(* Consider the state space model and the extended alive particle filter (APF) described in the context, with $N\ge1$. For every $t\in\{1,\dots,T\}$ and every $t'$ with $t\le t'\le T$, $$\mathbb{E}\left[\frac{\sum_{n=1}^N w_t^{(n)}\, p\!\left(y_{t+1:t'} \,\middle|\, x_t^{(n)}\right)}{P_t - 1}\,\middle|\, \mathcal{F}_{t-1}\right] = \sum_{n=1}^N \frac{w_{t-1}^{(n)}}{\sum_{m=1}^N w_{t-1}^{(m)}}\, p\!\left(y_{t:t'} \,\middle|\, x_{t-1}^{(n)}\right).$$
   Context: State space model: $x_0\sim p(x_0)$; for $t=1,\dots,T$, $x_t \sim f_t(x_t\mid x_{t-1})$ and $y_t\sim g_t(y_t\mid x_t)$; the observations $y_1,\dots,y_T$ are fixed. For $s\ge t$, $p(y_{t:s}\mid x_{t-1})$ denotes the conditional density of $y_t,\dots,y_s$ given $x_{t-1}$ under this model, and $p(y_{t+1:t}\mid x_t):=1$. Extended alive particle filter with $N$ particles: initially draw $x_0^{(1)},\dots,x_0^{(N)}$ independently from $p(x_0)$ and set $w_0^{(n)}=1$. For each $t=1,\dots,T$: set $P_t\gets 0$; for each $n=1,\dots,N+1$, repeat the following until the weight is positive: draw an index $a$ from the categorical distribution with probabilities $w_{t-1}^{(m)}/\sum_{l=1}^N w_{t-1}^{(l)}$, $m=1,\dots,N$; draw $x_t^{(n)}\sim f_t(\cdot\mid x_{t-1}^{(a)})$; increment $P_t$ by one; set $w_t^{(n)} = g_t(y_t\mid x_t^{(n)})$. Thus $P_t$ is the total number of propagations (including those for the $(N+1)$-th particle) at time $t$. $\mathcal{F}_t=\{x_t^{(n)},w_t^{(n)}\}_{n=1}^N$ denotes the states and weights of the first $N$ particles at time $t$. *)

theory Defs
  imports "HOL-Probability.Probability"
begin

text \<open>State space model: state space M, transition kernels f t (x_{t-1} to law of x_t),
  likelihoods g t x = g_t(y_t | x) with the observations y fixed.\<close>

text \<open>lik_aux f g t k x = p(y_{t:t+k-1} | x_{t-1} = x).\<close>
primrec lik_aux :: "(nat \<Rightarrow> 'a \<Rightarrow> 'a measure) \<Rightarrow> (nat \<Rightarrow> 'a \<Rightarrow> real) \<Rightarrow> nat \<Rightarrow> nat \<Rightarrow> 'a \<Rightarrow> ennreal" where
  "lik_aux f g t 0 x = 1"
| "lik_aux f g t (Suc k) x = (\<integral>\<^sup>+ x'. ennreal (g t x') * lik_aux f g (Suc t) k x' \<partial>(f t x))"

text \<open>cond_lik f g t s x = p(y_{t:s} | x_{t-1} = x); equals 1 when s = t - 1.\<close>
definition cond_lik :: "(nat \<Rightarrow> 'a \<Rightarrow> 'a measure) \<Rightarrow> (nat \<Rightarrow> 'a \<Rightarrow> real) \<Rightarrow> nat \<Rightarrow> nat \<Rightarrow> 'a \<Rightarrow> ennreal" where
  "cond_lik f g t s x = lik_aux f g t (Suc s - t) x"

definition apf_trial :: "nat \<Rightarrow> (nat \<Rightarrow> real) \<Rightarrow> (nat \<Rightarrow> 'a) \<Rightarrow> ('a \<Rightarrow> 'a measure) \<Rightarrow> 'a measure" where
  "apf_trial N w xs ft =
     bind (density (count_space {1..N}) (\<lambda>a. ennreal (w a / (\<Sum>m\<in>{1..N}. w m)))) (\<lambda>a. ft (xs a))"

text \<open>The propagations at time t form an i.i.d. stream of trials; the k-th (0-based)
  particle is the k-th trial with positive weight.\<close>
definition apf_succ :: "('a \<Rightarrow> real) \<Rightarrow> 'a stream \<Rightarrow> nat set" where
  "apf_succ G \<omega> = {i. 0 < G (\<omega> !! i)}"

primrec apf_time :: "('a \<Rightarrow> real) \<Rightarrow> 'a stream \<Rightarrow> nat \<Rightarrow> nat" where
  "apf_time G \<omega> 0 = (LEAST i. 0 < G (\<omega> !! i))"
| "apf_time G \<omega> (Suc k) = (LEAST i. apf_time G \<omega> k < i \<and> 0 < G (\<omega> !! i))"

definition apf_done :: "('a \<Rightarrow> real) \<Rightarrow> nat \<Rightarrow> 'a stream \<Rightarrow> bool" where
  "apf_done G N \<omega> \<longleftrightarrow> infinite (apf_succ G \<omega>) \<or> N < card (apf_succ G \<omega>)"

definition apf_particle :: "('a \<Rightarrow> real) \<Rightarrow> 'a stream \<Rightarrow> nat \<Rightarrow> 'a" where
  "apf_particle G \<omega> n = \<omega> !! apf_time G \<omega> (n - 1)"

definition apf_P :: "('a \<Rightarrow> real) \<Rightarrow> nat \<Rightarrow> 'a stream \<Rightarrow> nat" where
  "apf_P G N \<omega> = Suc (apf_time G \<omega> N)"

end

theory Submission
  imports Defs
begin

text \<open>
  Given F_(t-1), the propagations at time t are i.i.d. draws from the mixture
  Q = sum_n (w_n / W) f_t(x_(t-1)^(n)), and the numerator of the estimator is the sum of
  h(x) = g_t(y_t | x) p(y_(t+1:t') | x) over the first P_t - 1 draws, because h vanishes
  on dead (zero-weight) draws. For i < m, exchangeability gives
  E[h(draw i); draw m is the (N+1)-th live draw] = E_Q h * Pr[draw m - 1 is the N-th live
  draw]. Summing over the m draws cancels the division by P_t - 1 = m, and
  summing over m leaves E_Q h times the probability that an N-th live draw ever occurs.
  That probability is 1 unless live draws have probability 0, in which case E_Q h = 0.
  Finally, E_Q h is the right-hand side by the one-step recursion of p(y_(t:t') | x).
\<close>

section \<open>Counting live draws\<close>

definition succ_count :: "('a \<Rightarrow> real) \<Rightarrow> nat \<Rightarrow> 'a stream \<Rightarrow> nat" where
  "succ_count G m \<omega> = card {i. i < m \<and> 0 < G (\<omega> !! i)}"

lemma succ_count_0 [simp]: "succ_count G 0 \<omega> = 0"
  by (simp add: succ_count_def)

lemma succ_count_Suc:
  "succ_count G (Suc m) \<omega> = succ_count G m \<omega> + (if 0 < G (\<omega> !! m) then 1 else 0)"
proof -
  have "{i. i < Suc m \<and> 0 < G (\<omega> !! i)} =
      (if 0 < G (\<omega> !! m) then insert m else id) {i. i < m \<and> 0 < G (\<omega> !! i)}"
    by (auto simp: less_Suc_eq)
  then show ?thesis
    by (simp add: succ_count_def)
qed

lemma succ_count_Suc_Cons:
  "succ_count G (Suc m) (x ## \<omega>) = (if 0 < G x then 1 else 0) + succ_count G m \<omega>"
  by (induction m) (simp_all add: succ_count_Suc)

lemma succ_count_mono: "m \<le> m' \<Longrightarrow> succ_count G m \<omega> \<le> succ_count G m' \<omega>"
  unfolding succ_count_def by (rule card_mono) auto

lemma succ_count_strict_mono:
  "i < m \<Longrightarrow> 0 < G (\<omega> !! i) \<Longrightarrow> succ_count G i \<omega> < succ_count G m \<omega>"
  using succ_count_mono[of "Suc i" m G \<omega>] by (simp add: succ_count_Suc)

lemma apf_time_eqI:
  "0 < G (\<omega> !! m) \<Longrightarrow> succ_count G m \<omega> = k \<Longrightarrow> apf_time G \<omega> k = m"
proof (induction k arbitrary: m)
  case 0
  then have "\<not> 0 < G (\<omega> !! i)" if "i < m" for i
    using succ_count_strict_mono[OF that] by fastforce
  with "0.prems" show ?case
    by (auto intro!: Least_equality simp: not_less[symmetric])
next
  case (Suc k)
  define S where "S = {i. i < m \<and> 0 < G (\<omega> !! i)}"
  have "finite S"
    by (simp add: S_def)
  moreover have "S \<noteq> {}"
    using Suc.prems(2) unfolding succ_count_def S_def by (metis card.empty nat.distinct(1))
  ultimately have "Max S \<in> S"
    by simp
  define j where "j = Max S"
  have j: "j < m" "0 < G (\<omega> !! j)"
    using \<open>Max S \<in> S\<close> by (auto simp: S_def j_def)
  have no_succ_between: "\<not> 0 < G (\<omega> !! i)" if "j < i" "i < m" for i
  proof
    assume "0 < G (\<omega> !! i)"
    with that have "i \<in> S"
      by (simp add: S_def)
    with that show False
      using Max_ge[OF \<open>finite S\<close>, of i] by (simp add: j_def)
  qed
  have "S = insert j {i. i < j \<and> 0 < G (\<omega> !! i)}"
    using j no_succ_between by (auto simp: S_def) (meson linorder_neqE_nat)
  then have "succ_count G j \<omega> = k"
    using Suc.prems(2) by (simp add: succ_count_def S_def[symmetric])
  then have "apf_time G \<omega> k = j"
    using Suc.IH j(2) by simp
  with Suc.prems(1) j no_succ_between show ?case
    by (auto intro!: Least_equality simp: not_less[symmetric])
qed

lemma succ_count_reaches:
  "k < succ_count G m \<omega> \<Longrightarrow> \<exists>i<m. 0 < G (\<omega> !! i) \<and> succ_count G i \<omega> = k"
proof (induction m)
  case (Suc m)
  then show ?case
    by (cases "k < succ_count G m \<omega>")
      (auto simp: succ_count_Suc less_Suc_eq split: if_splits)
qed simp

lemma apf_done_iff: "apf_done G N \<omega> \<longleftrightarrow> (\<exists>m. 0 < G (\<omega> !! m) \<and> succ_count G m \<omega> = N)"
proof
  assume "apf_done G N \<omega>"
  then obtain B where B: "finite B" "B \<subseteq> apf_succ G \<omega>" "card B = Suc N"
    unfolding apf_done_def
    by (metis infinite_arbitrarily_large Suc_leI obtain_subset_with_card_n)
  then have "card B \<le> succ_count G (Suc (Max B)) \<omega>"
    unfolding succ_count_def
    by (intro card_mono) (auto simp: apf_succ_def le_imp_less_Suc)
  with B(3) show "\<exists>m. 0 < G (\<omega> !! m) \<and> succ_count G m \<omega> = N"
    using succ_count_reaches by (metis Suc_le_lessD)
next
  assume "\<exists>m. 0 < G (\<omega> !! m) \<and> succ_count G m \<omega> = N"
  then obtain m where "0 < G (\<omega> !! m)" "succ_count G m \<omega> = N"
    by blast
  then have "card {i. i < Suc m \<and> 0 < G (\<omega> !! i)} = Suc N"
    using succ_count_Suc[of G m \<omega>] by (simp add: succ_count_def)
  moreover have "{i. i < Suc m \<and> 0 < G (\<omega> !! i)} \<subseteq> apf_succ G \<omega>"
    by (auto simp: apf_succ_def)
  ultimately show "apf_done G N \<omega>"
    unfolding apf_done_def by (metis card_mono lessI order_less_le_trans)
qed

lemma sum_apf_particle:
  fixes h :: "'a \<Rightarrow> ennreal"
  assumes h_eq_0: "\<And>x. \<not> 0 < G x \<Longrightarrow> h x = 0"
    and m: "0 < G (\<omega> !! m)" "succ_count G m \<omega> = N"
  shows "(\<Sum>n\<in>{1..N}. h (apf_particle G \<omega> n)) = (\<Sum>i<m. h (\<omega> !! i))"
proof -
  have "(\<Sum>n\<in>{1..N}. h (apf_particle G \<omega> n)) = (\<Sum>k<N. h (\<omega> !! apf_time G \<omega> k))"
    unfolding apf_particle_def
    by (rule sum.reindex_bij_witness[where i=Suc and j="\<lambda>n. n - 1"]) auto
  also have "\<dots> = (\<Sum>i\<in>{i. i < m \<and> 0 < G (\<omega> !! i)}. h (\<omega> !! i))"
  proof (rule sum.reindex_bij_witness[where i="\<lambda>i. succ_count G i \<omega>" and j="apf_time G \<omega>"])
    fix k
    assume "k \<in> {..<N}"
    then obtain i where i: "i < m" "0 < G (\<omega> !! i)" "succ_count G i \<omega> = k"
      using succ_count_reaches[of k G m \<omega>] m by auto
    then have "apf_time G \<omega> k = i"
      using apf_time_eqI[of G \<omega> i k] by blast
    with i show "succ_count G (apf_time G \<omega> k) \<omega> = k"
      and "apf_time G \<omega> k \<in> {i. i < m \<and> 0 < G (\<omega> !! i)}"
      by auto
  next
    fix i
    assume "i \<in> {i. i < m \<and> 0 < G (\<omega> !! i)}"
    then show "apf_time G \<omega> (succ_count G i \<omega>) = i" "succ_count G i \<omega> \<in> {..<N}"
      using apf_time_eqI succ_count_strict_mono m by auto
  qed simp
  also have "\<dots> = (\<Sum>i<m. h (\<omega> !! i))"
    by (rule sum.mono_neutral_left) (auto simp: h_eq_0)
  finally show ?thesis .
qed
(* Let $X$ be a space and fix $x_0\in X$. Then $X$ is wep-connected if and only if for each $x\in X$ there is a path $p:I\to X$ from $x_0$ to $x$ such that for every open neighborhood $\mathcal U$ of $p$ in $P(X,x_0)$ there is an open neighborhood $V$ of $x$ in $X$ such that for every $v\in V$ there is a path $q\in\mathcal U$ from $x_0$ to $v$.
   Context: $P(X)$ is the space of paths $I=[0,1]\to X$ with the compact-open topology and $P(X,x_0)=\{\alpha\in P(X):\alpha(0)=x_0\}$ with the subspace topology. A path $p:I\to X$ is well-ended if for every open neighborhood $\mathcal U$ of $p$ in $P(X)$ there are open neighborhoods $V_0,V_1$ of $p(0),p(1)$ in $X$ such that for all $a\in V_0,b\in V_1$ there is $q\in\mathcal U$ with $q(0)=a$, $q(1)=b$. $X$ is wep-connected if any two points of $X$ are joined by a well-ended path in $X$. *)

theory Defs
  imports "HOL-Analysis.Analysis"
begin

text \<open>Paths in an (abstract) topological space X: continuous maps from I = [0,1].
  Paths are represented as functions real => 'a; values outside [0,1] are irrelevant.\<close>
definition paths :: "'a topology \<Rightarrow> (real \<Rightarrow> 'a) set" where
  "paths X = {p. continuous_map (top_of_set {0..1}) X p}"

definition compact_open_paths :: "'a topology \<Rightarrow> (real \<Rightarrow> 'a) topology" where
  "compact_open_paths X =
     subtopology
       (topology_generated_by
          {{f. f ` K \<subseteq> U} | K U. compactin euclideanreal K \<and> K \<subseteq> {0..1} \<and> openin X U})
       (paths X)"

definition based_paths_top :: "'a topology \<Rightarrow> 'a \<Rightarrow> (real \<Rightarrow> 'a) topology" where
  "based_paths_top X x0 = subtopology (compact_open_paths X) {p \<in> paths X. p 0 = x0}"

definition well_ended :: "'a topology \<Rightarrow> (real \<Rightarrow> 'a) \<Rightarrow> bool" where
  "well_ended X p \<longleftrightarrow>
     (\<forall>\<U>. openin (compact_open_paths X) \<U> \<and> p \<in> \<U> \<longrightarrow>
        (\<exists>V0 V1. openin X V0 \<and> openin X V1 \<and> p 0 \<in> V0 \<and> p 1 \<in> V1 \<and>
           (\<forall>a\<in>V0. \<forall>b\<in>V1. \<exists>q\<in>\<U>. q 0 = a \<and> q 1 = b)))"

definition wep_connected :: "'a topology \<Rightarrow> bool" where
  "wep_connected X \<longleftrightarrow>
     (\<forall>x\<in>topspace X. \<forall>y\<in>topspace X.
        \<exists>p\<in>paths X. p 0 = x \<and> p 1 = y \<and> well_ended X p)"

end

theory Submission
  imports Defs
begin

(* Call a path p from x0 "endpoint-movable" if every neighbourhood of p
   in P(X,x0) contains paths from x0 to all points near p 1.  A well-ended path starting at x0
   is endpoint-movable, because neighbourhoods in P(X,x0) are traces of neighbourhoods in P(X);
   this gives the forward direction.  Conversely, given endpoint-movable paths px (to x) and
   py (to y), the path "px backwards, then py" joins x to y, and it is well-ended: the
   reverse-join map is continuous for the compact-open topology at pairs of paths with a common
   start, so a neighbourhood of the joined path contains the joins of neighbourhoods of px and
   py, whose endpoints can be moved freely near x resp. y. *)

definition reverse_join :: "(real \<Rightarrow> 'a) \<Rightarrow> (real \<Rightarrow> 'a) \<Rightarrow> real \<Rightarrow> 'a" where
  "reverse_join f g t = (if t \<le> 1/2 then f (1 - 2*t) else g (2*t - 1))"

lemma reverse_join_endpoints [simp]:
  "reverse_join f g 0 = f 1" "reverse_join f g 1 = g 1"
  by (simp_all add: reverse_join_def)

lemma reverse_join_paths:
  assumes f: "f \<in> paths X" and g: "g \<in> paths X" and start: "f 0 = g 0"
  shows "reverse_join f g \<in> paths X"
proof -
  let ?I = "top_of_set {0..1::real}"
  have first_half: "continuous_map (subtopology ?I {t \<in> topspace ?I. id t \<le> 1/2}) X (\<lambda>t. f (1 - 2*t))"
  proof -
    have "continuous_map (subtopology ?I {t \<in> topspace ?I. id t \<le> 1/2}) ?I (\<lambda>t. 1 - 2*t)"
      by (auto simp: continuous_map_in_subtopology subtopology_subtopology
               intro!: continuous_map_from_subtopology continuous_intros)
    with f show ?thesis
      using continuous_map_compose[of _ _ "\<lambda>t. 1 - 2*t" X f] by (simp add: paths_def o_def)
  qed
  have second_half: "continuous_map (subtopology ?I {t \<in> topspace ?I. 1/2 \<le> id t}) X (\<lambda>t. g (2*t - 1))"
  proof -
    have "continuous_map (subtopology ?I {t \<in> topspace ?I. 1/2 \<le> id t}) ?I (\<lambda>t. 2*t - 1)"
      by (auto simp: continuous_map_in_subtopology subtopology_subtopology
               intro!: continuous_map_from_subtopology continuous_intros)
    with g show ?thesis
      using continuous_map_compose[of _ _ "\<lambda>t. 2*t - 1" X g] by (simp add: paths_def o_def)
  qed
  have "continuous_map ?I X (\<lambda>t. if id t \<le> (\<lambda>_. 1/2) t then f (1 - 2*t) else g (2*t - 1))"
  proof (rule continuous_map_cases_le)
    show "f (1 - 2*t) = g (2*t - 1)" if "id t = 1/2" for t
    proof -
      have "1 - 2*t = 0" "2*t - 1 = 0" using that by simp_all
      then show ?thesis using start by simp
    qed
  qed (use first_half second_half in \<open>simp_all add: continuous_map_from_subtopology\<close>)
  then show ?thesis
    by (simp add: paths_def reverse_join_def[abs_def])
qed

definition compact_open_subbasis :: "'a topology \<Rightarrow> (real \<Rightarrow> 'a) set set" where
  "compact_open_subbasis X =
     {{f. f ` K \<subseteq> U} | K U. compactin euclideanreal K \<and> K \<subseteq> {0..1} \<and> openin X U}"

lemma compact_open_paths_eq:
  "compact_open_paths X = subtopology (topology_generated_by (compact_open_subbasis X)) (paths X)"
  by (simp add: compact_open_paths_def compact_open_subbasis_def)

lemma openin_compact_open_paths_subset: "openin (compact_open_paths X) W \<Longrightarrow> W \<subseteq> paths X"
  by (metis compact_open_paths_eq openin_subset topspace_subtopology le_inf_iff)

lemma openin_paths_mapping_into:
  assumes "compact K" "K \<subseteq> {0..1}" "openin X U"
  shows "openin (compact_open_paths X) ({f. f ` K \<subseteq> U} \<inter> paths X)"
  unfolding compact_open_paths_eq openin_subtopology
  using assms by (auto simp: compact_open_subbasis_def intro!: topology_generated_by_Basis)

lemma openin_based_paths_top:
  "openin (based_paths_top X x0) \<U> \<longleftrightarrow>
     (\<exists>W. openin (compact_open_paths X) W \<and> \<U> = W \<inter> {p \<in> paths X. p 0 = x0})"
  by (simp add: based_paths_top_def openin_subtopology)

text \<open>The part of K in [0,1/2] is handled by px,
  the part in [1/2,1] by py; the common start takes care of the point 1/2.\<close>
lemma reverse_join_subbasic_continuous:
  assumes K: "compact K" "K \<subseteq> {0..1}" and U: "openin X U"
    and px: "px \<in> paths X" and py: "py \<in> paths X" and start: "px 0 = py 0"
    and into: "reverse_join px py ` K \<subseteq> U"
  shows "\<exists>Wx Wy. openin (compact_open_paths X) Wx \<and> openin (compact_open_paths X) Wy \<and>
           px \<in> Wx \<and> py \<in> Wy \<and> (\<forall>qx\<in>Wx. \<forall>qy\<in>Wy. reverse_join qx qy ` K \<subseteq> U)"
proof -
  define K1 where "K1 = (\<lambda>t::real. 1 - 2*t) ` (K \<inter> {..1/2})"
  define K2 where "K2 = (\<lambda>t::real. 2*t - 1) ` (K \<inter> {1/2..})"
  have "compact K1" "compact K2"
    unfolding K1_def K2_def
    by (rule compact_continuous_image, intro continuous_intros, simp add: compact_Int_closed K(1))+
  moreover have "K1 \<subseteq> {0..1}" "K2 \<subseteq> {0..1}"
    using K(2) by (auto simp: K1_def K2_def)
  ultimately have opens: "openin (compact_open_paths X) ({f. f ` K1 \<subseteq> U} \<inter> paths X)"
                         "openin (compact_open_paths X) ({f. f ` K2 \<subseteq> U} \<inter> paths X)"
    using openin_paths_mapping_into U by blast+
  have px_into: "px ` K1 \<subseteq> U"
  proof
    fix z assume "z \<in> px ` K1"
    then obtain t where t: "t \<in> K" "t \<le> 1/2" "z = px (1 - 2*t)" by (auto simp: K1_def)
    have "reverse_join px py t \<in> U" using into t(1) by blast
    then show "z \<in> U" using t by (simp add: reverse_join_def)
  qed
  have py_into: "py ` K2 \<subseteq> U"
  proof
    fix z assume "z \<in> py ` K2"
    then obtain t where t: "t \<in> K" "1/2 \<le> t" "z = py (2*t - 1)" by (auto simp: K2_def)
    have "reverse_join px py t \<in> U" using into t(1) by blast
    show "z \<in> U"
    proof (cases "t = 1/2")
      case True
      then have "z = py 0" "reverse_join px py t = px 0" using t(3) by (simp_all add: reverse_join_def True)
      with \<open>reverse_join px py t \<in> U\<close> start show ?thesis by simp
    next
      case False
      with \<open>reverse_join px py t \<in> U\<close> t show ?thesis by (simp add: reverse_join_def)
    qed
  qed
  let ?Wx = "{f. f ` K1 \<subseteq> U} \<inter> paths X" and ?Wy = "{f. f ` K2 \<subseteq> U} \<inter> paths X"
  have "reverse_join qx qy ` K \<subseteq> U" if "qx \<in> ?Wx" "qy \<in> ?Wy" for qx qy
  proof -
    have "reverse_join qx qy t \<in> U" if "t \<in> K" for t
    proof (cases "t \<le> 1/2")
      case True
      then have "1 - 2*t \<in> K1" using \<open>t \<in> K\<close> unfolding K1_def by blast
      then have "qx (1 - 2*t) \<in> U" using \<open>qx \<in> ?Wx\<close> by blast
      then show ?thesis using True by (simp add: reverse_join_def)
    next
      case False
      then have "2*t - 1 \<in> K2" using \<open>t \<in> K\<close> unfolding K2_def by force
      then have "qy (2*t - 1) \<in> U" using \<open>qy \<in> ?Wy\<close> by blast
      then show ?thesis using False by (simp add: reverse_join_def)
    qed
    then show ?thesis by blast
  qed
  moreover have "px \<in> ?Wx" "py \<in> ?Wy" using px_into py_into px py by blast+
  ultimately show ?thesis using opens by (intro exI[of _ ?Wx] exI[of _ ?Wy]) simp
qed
--*--
__How to complete this task__
Set down, unchanged, only those lines above that fall between the line with "G \<omega> 0" and the line with "k) = (LEAST", the two end lines included.

__Answer for the task__
  "apf_time G \<omega> 0 = (LEAST i. 0 < G (\<omega> !! i))"
| "apf_time G \<omega> (Suc k) = (LEAST i. apf_time G \<omega> k < i \<and> 0 < G (\<omega> !! i))"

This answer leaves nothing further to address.